Where a line in the material below has the string "using", please report it.

━━━━━━━━━━━━━━━━

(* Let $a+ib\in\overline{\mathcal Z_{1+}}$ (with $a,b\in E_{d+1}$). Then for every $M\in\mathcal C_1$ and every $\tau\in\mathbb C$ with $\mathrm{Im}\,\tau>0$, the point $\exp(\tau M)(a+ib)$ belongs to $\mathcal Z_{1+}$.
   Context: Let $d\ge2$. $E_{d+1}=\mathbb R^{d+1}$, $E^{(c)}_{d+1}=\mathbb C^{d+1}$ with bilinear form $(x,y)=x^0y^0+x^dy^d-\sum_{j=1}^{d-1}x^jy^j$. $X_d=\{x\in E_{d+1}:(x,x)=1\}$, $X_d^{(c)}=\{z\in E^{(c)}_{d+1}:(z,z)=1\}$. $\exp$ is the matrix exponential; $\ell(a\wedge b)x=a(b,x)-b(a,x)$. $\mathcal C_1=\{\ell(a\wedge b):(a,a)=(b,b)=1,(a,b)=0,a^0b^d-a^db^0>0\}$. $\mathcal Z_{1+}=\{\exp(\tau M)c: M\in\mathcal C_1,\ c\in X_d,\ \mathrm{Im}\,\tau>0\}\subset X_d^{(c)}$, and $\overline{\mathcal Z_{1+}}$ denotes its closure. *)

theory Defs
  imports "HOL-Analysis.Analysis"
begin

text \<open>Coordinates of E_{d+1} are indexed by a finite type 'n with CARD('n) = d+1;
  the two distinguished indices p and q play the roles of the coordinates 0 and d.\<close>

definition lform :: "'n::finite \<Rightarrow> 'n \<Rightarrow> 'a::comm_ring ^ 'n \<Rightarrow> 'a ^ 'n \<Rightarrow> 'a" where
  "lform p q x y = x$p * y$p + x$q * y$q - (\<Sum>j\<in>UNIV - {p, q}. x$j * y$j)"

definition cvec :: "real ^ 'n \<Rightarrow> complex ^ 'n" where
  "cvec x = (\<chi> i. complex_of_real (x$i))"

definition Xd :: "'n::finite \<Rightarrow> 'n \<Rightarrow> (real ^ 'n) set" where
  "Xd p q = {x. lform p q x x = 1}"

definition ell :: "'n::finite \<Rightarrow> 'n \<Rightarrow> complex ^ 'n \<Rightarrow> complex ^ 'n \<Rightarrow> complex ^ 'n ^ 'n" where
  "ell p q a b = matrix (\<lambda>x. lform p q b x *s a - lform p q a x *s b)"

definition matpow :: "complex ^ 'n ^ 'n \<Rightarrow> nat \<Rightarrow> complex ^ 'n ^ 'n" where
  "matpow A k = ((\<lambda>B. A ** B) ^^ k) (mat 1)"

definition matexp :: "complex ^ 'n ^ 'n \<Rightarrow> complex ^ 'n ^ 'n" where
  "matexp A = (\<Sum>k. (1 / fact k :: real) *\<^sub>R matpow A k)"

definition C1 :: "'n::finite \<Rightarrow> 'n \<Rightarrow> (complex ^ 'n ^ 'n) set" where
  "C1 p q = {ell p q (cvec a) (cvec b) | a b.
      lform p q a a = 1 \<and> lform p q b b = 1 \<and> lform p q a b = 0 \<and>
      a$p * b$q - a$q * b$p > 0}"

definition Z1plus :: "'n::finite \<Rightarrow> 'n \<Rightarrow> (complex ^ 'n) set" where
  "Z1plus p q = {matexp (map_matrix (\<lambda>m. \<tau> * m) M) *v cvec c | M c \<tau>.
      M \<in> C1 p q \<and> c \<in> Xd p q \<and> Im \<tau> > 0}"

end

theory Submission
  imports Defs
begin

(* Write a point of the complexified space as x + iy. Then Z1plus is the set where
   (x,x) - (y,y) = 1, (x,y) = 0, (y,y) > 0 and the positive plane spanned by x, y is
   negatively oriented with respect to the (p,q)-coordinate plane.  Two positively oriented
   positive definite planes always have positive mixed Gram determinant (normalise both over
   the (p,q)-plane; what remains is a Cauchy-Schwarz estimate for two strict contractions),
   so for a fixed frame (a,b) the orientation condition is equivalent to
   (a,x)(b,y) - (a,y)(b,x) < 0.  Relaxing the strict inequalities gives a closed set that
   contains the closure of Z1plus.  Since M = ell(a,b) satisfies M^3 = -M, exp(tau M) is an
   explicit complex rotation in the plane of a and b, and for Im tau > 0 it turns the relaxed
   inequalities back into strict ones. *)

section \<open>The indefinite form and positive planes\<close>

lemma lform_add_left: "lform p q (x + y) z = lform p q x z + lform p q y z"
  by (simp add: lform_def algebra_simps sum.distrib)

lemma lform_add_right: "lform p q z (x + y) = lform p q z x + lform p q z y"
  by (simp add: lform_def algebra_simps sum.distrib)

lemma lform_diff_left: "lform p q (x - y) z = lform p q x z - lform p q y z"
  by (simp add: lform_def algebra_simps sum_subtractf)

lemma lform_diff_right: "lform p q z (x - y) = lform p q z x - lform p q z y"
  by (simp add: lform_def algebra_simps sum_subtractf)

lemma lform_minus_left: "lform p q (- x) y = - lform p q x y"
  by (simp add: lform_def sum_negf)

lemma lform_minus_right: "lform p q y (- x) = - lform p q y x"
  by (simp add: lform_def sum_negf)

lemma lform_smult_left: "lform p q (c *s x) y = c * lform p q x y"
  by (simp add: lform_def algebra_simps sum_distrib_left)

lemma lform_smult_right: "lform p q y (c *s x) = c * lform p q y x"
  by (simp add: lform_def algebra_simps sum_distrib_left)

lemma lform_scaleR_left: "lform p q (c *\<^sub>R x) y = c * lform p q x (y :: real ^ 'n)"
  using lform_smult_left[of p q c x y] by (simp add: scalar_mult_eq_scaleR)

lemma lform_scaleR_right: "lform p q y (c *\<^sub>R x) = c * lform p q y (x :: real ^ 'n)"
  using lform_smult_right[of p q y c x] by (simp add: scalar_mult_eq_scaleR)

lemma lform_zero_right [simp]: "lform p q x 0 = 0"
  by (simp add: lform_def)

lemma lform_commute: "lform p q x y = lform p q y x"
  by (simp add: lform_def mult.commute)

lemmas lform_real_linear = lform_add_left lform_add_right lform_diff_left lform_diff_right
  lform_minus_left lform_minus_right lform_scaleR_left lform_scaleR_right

━━━━━━━━━━━━━━━━

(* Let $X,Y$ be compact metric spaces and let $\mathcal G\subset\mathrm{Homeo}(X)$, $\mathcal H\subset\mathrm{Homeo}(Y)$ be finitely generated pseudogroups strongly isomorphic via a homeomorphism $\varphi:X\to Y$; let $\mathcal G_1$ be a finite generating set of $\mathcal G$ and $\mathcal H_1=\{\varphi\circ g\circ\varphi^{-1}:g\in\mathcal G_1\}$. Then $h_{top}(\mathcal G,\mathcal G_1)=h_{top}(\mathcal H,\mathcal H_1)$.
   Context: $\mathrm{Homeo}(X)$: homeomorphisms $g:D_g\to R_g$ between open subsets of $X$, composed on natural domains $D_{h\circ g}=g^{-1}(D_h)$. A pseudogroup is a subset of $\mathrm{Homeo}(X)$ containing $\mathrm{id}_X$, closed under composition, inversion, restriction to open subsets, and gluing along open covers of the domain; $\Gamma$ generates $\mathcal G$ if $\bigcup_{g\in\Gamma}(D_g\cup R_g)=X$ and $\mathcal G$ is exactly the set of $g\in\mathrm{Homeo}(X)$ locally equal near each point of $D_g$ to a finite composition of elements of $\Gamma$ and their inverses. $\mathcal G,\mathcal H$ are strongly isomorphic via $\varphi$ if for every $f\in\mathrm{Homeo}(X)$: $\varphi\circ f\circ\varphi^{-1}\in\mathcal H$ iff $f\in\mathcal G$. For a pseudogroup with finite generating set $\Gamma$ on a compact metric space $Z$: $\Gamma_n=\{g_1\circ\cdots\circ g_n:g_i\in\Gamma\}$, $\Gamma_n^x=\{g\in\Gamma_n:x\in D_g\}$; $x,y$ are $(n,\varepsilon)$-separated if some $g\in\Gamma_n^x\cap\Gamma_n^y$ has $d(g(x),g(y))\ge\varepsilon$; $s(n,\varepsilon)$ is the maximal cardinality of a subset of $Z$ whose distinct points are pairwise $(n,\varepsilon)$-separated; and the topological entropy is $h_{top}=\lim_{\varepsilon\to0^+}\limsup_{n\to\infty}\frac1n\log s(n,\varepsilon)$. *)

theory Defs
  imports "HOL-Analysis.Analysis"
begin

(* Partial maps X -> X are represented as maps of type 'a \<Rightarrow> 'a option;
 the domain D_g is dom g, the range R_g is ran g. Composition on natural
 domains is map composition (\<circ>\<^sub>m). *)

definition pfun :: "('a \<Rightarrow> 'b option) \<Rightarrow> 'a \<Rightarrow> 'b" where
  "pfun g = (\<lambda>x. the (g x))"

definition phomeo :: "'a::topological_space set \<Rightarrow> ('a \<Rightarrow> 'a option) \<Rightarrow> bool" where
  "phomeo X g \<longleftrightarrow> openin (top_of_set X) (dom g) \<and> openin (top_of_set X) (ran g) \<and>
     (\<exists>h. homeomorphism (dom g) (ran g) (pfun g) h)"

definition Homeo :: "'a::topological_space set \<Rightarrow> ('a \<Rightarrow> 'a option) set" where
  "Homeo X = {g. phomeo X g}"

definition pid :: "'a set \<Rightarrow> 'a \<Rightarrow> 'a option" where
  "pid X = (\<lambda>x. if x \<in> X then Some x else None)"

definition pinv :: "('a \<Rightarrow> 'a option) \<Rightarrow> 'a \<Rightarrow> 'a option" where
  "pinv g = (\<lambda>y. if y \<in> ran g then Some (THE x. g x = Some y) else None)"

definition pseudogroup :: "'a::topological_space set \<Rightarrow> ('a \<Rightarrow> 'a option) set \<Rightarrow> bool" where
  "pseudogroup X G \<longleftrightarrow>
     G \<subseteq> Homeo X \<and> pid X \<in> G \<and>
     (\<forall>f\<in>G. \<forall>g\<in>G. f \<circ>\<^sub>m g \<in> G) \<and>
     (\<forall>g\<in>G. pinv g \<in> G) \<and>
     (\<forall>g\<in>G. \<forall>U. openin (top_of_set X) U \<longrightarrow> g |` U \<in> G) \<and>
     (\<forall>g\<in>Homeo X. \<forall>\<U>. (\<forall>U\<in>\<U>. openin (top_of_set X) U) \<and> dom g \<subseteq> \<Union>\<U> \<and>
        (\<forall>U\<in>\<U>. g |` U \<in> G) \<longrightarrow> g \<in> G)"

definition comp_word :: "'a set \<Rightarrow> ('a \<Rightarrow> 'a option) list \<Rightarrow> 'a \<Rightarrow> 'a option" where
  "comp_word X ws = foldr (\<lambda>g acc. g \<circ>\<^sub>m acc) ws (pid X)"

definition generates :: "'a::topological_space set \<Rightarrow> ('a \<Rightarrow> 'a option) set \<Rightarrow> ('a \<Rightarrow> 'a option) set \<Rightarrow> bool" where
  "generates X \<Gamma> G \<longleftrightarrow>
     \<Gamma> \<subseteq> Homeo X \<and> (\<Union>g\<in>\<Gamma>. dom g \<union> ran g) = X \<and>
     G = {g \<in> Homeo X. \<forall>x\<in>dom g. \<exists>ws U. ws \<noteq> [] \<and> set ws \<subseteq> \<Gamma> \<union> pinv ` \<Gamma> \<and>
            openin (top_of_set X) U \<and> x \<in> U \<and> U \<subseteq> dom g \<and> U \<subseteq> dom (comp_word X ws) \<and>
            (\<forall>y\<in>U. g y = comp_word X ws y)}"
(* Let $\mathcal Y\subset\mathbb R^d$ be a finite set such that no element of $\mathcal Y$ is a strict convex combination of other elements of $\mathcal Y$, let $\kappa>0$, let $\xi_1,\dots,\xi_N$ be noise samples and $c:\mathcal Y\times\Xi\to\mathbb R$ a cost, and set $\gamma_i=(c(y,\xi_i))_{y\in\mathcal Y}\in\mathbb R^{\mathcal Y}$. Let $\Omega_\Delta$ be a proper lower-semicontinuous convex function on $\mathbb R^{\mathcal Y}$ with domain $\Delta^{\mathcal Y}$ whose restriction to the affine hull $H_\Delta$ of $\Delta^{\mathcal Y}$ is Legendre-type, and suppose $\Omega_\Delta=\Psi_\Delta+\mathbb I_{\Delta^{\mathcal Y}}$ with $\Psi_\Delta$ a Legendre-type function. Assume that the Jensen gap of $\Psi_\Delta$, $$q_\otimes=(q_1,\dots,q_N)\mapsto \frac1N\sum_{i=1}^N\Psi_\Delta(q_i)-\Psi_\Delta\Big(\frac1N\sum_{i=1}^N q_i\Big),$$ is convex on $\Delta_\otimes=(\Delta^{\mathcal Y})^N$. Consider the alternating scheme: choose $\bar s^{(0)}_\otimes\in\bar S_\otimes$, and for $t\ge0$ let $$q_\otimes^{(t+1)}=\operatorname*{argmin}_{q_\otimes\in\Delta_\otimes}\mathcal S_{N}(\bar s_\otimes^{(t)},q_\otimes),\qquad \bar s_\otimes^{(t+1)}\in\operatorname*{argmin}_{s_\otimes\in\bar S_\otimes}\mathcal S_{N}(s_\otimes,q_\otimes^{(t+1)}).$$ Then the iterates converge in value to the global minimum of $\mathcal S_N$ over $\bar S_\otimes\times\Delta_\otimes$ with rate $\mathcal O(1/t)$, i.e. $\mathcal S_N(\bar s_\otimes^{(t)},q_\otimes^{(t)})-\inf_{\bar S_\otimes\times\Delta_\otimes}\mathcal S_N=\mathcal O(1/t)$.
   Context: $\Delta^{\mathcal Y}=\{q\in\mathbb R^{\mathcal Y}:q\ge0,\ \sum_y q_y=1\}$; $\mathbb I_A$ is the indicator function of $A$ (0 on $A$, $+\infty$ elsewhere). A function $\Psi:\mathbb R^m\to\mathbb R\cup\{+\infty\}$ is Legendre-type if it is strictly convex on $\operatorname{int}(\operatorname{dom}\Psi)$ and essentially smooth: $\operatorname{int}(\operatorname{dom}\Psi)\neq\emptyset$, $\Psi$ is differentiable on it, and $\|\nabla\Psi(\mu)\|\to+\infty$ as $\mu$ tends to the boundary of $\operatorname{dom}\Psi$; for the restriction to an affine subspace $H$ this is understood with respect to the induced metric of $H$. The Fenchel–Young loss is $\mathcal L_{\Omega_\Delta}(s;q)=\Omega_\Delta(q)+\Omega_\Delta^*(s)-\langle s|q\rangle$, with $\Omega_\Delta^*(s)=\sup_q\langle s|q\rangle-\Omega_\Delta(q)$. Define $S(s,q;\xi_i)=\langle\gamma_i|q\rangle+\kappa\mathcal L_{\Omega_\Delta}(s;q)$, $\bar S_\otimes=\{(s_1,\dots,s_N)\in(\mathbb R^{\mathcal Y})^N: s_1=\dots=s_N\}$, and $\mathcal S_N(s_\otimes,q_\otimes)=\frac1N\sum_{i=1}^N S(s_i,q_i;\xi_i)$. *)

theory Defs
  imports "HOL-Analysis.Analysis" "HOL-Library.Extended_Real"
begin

━━━━━━━━━━━━━━━━

Output below =
  using lform_smult_left[of p q c x y] by (simp add: scalar_mult_eq_scaleR)
  using lform_smult_right[of p q y c x] by (simp add: scalar_mult_eq_scaleR)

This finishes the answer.